§ **TASK TO COMPLETE**:
Among the records below, which lines contain the string "neighbours"? Report them.

§ **DATA PROVIDED**:
----

text \<open>Identification A=(0,0), C=(1,0), G=(0,1), T=(1,1).\<close>
fun bit1 :: "nuc \<Rightarrow> nat" where
  "bit1 nA = 0" | "bit1 nC = 1" | "bit1 nG = 0" | "bit1 nT = 1"
fun bit2 :: "nuc \<Rightarrow> nat" where
  "bit2 nA = 0" | "bit2 nC = 0" | "bit2 nG = 1" | "bit2 nT = 1"

definition of_bits :: "nat \<Rightarrow> nat \<Rightarrow> nuc" where
  "of_bits a b = (if a = 0 then (if b = 0 then nA else nG) else (if b = 0 then nC else nT))"

definition nadd :: "nuc \<Rightarrow> nuc \<Rightarrow> nuc" where
  "nadd g h = of_bits ((bit1 g + bit1 h) mod 2) ((bit2 g + bit2 h) mod 2)"

definition nsub :: "nuc \<Rightarrow> nuc \<Rightarrow> nuc" where
  "nsub h g = of_bits (nat ((int (bit1 h) - int (bit1 g)) mod 2))
                      (nat ((int (bit2 h) - int (bit2 g)) mod 2))"

definition chi :: "nuc \<Rightarrow> nuc \<Rightarrow> real" where
  "chi g h = (-1) ^ (bit1 g * bit1 h + bit2 g * bit2 h)"

fun mpow :: "(nuc \<Rightarrow> nuc \<Rightarrow> real) \<Rightarrow> nat \<Rightarrow> nuc \<Rightarrow> nuc \<Rightarrow> real" where
  "mpow Q 0 = (\<lambda>g h. if g = h then 1 else 0)"
| "mpow Q (Suc n) = (\<lambda>g h. \<Sum>k\<in>UNIV. mpow Q n g k * Q k h)"

definition mexp :: "(nuc \<Rightarrow> nuc \<Rightarrow> real) \<Rightarrow> nuc \<Rightarrow> nuc \<Rightarrow> real" where
  "mexp Q g h = (\<Sum>n. mpow Q n g h / fact n)"

definition is_path :: "'v set \<Rightarrow> ('v \<Rightarrow> 'v \<Rightarrow> bool) \<Rightarrow> 'v list \<Rightarrow> 'v \<Rightarrow> 'v \<Rightarrow> bool" where
  "is_path V adj ps x y \<longleftrightarrow> ps \<noteq> [] \<and> hd ps = x \<and> last ps = y \<and> distinct ps \<and> set ps \<subseteq> V
     \<and> (\<forall>i. Suc i < length ps \<longrightarrow> adj (ps ! i) (ps ! Suc i))"

definition on_path :: "'v set \<Rightarrow> ('v \<Rightarrow> 'v \<Rightarrow> bool) \<Rightarrow> 'v \<Rightarrow> 'v \<Rightarrow> 'v \<Rightarrow> bool" where
  "on_path V adj w x y \<longleftrightarrow> (\<exists>ps. is_path V adj ps x y \<and> w \<in> set ps)"

definition is_tree :: "'v set \<Rightarrow> ('v \<Rightarrow> 'v \<Rightarrow> bool) \<Rightarrow> bool" where
  "is_tree V adj \<longleftrightarrow> finite V \<and> V \<noteq> {}
     \<and> (\<forall>u v. adj u v \<longrightarrow> u \<in> V \<and> v \<in> V)
     \<and> (\<forall>u v. adj u v \<longrightarrow> adj v u) \<and> (\<forall>u. \<not> adj u u)
     \<and> (\<forall>x\<in>V. \<forall>y\<in>V. \<exists>ps. is_path V adj ps x y)
     \<and> \<not> (\<exists>ps. length ps \<ge> 3 \<and> distinct ps \<and> set ps \<subseteq> V
            \<and> (\<forall>i. Suc i < length ps \<longrightarrow> adj (ps ! i) (ps ! Suc i))
            \<and> adj (last ps) (hd ps))"

definition neighbours :: "'v set \<Rightarrow> ('v \<Rightarrow> 'v \<Rightarrow> bool) \<Rightarrow> 'v \<Rightarrow> 'v set" where
  "neighbours V adj v = {u \<in> V. adj v u}"

definition leaves :: "'v set \<Rightarrow> ('v \<Rightarrow> 'v \<Rightarrow> bool) \<Rightarrow> 'v set" where
  "leaves V adj = {v \<in> V. card (neighbours V adj v) = 1}"

text \<open>Edges directed away from the root leaf r: (u,v) with u on the path from r to v.\<close>
definition dedges :: "'v set \<Rightarrow> ('v \<Rightarrow> 'v \<Rightarrow> bool) \<Rightarrow> 'v \<Rightarrow> ('v \<times> 'v) set" where
  "dedges V adj r = {(u, v). adj u v \<and> on_path V adj u r v}"

text \<open>Full edge function: psi(A) = -(psi(C)+psi(G)+psi(T)); the values at C,G,T are the parameters.\<close>
definition fpsi :: "('e \<Rightarrow> nuc \<Rightarrow> real) \<Rightarrow> 'e \<Rightarrow> nuc \<Rightarrow> real" where
  "fpsi psi e h = (if h = nA then - (psi e nC + psi e nG + psi e nT) else psi e h)"

definition Qm :: "('e \<Rightarrow> nuc \<Rightarrow> real) \<Rightarrow> 'e \<Rightarrow> nuc \<Rightarrow> nuc \<Rightarrow> real" where
  "Qm psi e g h = fpsi psi e (nsub h g)"

definition Pm :: "('e \<Rightarrow> nuc \<Rightarrow> real) \<Rightarrow> 'e \<Rightarrow> nuc \<Rightarrow> nuc \<Rightarrow> real" where
  "Pm psi e = mexp (Qm psi e)"

definition pprob :: "'v set \<Rightarrow> ('v \<Rightarrow> 'v \<Rightarrow> bool) \<Rightarrow> 'v \<Rightarrow> ('v \<times> 'v \<Rightarrow> nuc \<Rightarrow> real)
     \<Rightarrow> ('v \<Rightarrow> nuc) \<Rightarrow> real" where
  "pprob V adj r psi g =
     (\<Sum>\<sigma> \<in> {\<sigma> \<in> V \<rightarrow>\<^sub>E (UNIV :: nuc set). \<sigma> r = nA \<and> (\<forall>x\<in>leaves V adj. \<sigma> x = g x)}.
        \<Prod>e \<in> dedges V adj r. Pm psi e (\<sigma> (fst e)) (\<sigma> (snd e)))"

definition qfour :: "'v set \<Rightarrow> ('v \<Rightarrow> 'v \<Rightarrow> bool) \<Rightarrow> 'v \<Rightarrow> ('v \<times> 'v \<Rightarrow> nuc \<Rightarrow> real)
     \<Rightarrow> ('v \<Rightarrow> nuc) \<Rightarrow> real" where
  "qfour V adj r psi g =
     (\<Sum>h \<in> leaves V adj \<rightarrow>\<^sub>E (UNIV :: nuc set).
        (\<Prod>x \<in> leaves V adj. chi (g x) (h x)) * pprob V adj r psi h)"

text \<open>Leaf labelling assigning a,b,c to i,j,k and A elsewhere (w) and a,b,c,d to i,j,i',j' (z).\<close>
definition lab3 :: "'v \<Rightarrow> 'v \<Rightarrow> 'v \<Rightarrow> nuc \<Rightarrow> nuc \<Rightarrow> nuc \<Rightarrow> 'v \<Rightarrow> nuc" where
  "lab3 i j k a b c = (\<lambda>x. if x = i then a else if x = j then b else if x = k then c else nA)"

definition lab4 :: "'v \<Rightarrow> 'v \<Rightarrow> 'v \<Rightarrow> 'v \<Rightarrow> nuc \<Rightarrow> nuc \<Rightarrow> nuc \<Rightarrow> nuc \<Rightarrow> 'v \<Rightarrow> nuc" where
  "lab4 i j i' j' a b c d = (\<lambda>x. if x = i then a else if x = j then b
       else if x = i' then c else if x = j' then d else nA)"

text \<open>For a pendant edge e: the leaf endpoint i and the internal endpoint nu.\<close>
definition pend_leaf :: "'v set \<Rightarrow> ('v \<Rightarrow> 'v \<Rightarrow> bool) \<Rightarrow> 'v \<times> 'v \<Rightarrow> 'v" where
  "pend_leaf V adj e = (if snd e \<in> leaves V adj then snd e else fst e)"
definition pend_inner :: "'v set \<Rightarrow> ('v \<Rightarrow> 'v \<Rightarrow> bool) \<Rightarrow> 'v \<times> 'v \<Rightarrow> 'v" where
  "pend_inner V adj e = (if snd e \<in> leaves V adj then fst e else snd e)"

definition is_pendant :: "'v set \<Rightarrow> ('v \<Rightarrow> 'v \<Rightarrow> bool) \<Rightarrow> 'v \<times> 'v \<Rightarrow> bool" where
  "is_pendant V adj e \<longleftrightarrow> fst e \<in> leaves V adj \<or> snd e \<in> leaves V adj"

text \<open>Admissible choice of leaves for edge e.
  Pendant edge: s1 = j, s2 = k (s3, s4 unused).
  Internal edge e = (nu, nu'): s1 = i, s2 = j, s3 = i', s4 = j'.\<close>
definition admissible :: "'v set \<Rightarrow> ('v \<Rightarrow> 'v \<Rightarrow> bool) \<Rightarrow> 'v \<times> 'v \<Rightarrow> 'v \<Rightarrow> 'v \<Rightarrow> 'v \<Rightarrow> 'v \<Rightarrow> bool" where
  "admissible V adj e s1 s2 s3 s4 \<longleftrightarrow>
     (if is_pendant V adj e then
        s1 \<in> leaves V adj \<and> s2 \<in> leaves V adj \<and> s1 \<noteq> pend_leaf V adj e \<and> s2 \<noteq> pend_leaf V adj e
        \<and> on_path V adj (pend_inner V adj e) s1 s2
      else
        s1 \<in> leaves V adj \<and> s2 \<in> leaves V adj \<and> s3 \<in> leaves V adj \<and> s4 \<in> leaves V adj
        \<and> on_path V adj (fst e) s1 s2 \<and> \<not> on_path V adj (snd e) s1 s2
        \<and> on_path V adj (snd e) s3 s4 \<and> \<not> on_path V adj (fst e) s3 s4)"

definition Rnum :: "'v set \<Rightarrow> ('v \<Rightarrow> 'v \<Rightarrow> bool) \<Rightarrow> 'v \<Rightarrow> ('v \<times> 'v \<Rightarrow> nuc \<Rightarrow> real)
   \<Rightarrow> 'v \<times> 'v \<Rightarrow> 'v \<Rightarrow> 'v \<Rightarrow> 'v \<Rightarrow> 'v \<Rightarrow> nuc \<Rightarrow> real" where
  "Rnum V adj r psi e s1 s2 s3 s4 h =
     (let q = qfour V adj r psi in
      if is_pendant V adj e then
        (let i = pend_leaf V adj e in q (lab3 i s1 s2 h h nA) * q (lab3 i s1 s2 h nA h))
      else q (lab4 s1 s2 s3 s4 h nA h nA) * q (lab4 s1 s2 s3 s4 nA h nA h))"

----

§ **REPLY TO THE EXERCISE**:
definition neighbours :: "'v set \<Rightarrow> ('v \<Rightarrow> 'v \<Rightarrow> bool) \<Rightarrow> 'v \<Rightarrow> 'v set" where
  "neighbours V adj v = {u \<in> V. adj v u}"
  "leaves V adj = {v \<in> V. card (neighbours V adj v) = 1}"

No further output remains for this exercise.